China hat Generationen erstklassiger Pianisten hervorgebracht. Zahlreiche von ihnen präsentieren sich beim Festival

Wer heute die Stichworte "China" und "Pianist" hört, der denkt unweigerlich nur an einen Namen: Lang Lang. Doch ist ein Phänomen wie Lang Lang nicht vom Himmel gefallen; auch sein Erfolg erwuchs aus einer langen Vorgeschichte und ruht auf einer breiten Basis. Rund 30 Millionen Menschen erlernen in China heute das Klavierspielen. Für chinesische Größenverhältnisse ist das immer noch ein recht elitärer Club, doch aus ihm rekrutiert sich eine Vielzahl neuer Talente.

Selbstverständlich gab es auch vor Lang Lang schon Pianisten-Stars aus China. Ab Mitte der 1950er-Jahre machten chinesische Virtuosen beim Moskauer Tschaikowsky-Wettbewerb Furore. Doch die Karrieren von Liu Shikun oder Yin Chengzong gerieten bald ins Räderwerk der Politik. Fou Ts'ong, der 1955 beim Chopin-Wettbewerb einen Sonderpreis gewonnen hatte, ging 1960 nach London ins Exil. Als Einziger der "alten Garde" wird der Ex-Schwiegersohn von Lord Yehudi Menuhin beim diesjährigen Festival einen Meisterkurs abhalten (Lübeck 23.7. bis 28.7.)

Zhu Xiao-Mei wurde 1949 geboren, just in dem Jahr, in dem die Volksrepublik China aus den Wirren des Bürgerkrieges hervorging. Für die Pianistin waren die Zeitläufte Teil des eigenen Schicksals. Die Kulturrevolution unterbrach auch ihre Karriere; 1979 ging sie in die USA und später nach Paris ins Exil. Der Titel ihrer Autobiografie spricht Bände: "Von Mao zu Bach. Wie ich die Kulturrevolution überlebte". Nicht zufällig steht Bachs Wohltemperiertes Klavier auf dem Programm ihres Konzertes am 12.7. in Reinbek.

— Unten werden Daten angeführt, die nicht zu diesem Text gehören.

(* Let $\rhd$ be a value system and let $\mathcal{I}$ be an assignment that is admissible for $\rhd$. Then $\mathcal{I}$ is an interpretation and $s\rhd\hat{\mathcal{I}}s$ for all terms $s$. Furthermore, if $\rhd$ is functional, then $\mathcal{I}$ is surjective.
   Context: Types: a countable set of base types ($\beta$); every base type is a type and $\sigma\tau$ is a type (functions from $\sigma$ to $\tau$) for types $\sigma,\tau$. Countably many names, each with a unique type, infinitely many of each type. Terms: names; $st:\mu$ for $s:\tau\mu,t:\tau$; $\lambda x.t:\sigma\tau$ for a name $x:\sigma$, $t:\tau$. $\mathrm{Wff}_\sigma$: terms of type $\sigma$. A frame $\mathcal{D}$ maps types to nonempty sets with $\mathcal{D}(\sigma\tau)\subseteq(\mathcal{D}\sigma\to\mathcal{D}\tau)$. An assignment $\mathcal{I}$ into $\mathcal{D}$ extends $\mathcal{D}$ and maps each name $x:\sigma$ into $\mathcal{D}\sigma$; $\mathcal{I}^x_a$ is the update at $x$. Partial evaluation: $\hat{\mathcal{I}}x=\mathcal{I}x$; $\hat{\mathcal{I}}(st)=(\hat{\mathcal{I}}s)(\hat{\mathcal{I}}t)$ when both are defined; $\hat{\mathcal{I}}(\lambda x.s)=f$ if $\lambda x.s:\sigma\tau$, $f\in\mathcal{D}(\sigma\tau)$ and $\widehat{\mathcal{I}^x_a}s=fa$ for all $a\in\mathcal{D}\sigma$ (undefined otherwise). An interpretation is an assignment whose evaluation is total; it is surjective if for every type $\sigma$ and every $a\in\mathcal{I}\sigma$ there is $s:\sigma$ with $\hat{\mathcal{I}}s=a$. Normalization: a fixed type-preserving total $[\cdot]$ on terms with (N1) $[[s]]=[s]$; (N2) $[[s]t]=[st]$; (N3) $[xs_1\dots s_n]=x[s_1]\dots[s_n]$ for a name $x$, $n\ge0$, $xs_1\dots s_n$ of base type; (N4) $\hat{\mathcal{I}}[s]=\hat{\mathcal{I}}s$ for every interpretation. A substitution is a type-preserving partial function $\theta$ from names to terms ($\theta^x_s$ the update); every substitution extends to a type-preserving total $\hat\theta$ with (S1) $\hat\theta x=\theta x$ if $x\in\mathrm{Dom}\theta$, else $x$; (S2) $\hat\theta(st)=(\hat\theta s)(\hat\theta t)$; (S3) $[(\hat\theta(\lambda x.s))t]=[\widehat{\theta^x_t}s]$; (S4) $[\hat\emptyset s]=[s]$ where $\emptyset$ is the empty substitution. A value system is a function $\rhd$ mapping each base type $\beta$ to a binary relation $\rhd_\beta$ with $\mathrm{Dom}(\rhd_\beta)\subseteq\mathrm{Wff}_\beta$ such that $s\rhd_\beta a$ iff $[s]\rhd_\beta a$; extended by $\mathcal{D}\sigma:=\mathrm{Ran}(\rhd_\sigma)$ and $\rhd_{\sigma\tau}:=\{(s,f)\in\mathrm{Wff}_{\sigma\tau}\times(\mathcal{D}\sigma\to\mathcal{D}\tau):\forall(t,a)\in\rhd_\sigma,\ (st,fa)\in\rhd_\tau\}$. It is functional if each $\rhd_\beta$ ($\beta$ a base type) is a functional relation. An assignment $\mathcal{I}$ is admissible for $\rhd$ if $\mathcal{I}\sigma=\mathcal{D}\sigma$ for all types $\sigma$ and $x\rhd\mathcal{I}x$ for all names $x$. *)

theory Defs
  imports Main "HOL-Library.Countable"
begin
lemma finite_self_map_restricts_to_bij:
  assumes "finite X" "X \<noteq> {}" "f ` X \<subseteq> X"
  obtains C where "C \<subseteq> X" "C \<noteq> {}" "bij_betw f C C"
proof -
  let ?closed = "\<lambda>C. C \<subseteq> X \<and> C \<noteq> {} \<and> f ` C \<subseteq> C"
  obtain C where C: "?closed C" and least: "\<And>D. ?closed D \<Longrightarrow> card C \<le> card D"
    using ex_has_least_nat[of ?closed X card] assms by blast
  have "?closed (f ` C)"
    using C by auto
  then have "card C \<le> card (f ` C)"
    by (rule least)
  moreover have "finite C"
    using C assms(1) finite_subset by blast
  ultimately have "f ` C = C"
    using C card_seteq by blast
  with \<open>finite C\<close> have "bij_betw f C C"
    by (simp add: bij_betw_def finite_surj_inj)
  with C that show thesis by blast
qed

lemma balanced_support_has_permutation:
  fixes N :: "nat \<Rightarrow> nat \<Rightarrow> nat"
  assumes bal: "\<forall>i<q. (\<Sum>j<q. N i j) = (\<Sum>j<q. N j i)"
    and "i0 < q" "j0 < q" "N i0 j0 > 0"
  obtains C \<sigma> where "C \<subseteq> {..<q}" "C \<noteq> {}" "bij_betw \<sigma> C C" "\<forall>a\<in>C. N a (\<sigma> a) > 0"
proof -
  define X where "X = {i. i < q \<and> (\<exists>j<q. N i j > 0)}"
  define \<sigma> where "\<sigma> i = (SOME j. j < q \<and> N i j > 0)" for i
  have \<sigma>: "\<sigma> i < q \<and> N i (\<sigma> i) > 0" if "i \<in> X" for i
    using that someI_ex[of "\<lambda>j. j < q \<and> N i j > 0"] by (auto simp: X_def \<sigma>_def)
  have "\<sigma> i \<in> X" if "i \<in> X" for i
  proof -
    have "N i (\<sigma> i) \<le> (\<Sum>k<q. N k (\<sigma> i))"
      using \<sigma> that X_def by (intro member_le_sum) auto
    then have "(\<Sum>k<q. N (\<sigma> i) k) > 0"
      using \<sigma>[OF that] bal by auto
    then have "\<exists>k<q. N (\<sigma> i) k > 0"
      by (metis gr0I sum.neutral lessThan_iff)
    then show ?thesis
      using \<sigma>[OF that] by (simp add: X_def)
  qed
  moreover have "finite X" "X \<noteq> {}"
    using assms(2-) by (auto simp: X_def)
  ultimately obtain C where "C \<subseteq> X" "C \<noteq> {}" "bij_betw \<sigma> C C"
    using finite_self_map_restricts_to_bij[of X \<sigma>] by blast
  moreover from \<open>C \<subseteq> X\<close> have "C \<subseteq> {..<q}"
    by (auto simp: X_def)
  moreover from \<open>C \<subseteq> X\<close> have "\<forall>a\<in>C. N a (\<sigma> a) > 0"
    using \<sigma> by blast
  ultimately show thesis
    using that by blast
qed

definition perm_matrix :: "nat set \<Rightarrow> (nat \<Rightarrow> nat) \<Rightarrow> nat \<Rightarrow> nat \<Rightarrow> nat" where
  "perm_matrix C \<sigma> i j = (if i \<in> C \<and> \<sigma> i = j then 1 else 0)"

Die junge Pianisten-Generation mit Lang Lang an der Spitze ist also nicht die erste Generation von Weltklasse-Musikern aus dem Reich der Mitte; doch sie ist die erste, die gelernt hat, erfolgreich nach den Regel des internationalen Musikgeschäfts zu spielen. Lang Lang und seine Landsfrau Wang Yuja sind heute beim Label Deutsche Grammophon unter Vertrag; für beide war das Schleswig-Holstein Musik Festival ein Sprungbrett zur internationalen Karriere: Lang Lang bekam 2002 im Rahmen des SHMF den Leonard Bernstein Award verliehen. Fünf Jahre später sprang Wang im Rahmen des Preisträgerkonzertes für den verletzten Martin Grubinger ein. 2012 erhielt die Tasten-Elfe mit der Vorliebe für figurbetonte Mini-Mode den ECHO-Klassik-Preis als "Nachwuchskünstlerin des Jahres".

Einer der wichtigsten Mentoren für Lang Lang war am Anfang seiner Karriere der Dirigent und Pianist Christoph Eschenbach. Bis heute verspricht das Zusammentreffen der beiden musikalischen Sternstunden. Zum Abschluss des diesjährigen Festivals wird das NDR Sinfonieorchester unter Leitung von Christoph Eschenbach Tschaikowskys 3. Sinfonie und Beethovens heroisches 5. Klavierkonzert spielen. Solist am Klavier wird Lang Lang sein (25.8. Kiel).

Auch Wang Yuja kommt in guter Gesellschaft: Zusammen mit dem Cellisten Gautier Capuçon gibt sie am 10.7. in Kiel einen Duo-Abend mit Sonaten von Schumann, Brahms und Rachmaninow.

Und die nächste Generation rückt auch schon nach. Cong Bi ist gerade einmal 18 Jahre alt. Beim SHMF 2012 wird er zusammen mit dem Shanghai Symphony Orchestra und Yu Long das Auftaktkonzert zum China-Länderschwerpunkt bestreiten. Auf dem Programm steht u.a. das Klavierkonzert "Er Huang" des Messiaen-Schülers Chen Qigang (14.7. Kiel, 15.7. Hamburg).

Einen distanzierten Blick auf China und alles, was in westlichen Ohren typisch chinesisch klingt, führt die taiwanesisch-amerikanische Pianistin Jenny Lin vor. Sie spielt musikalische "Chinoiserien" aus drei Jahrhunderten, von Couperin über Rossini bis zu John Adams und chinesischen Zeitgenossen (15.7. Lüneburg).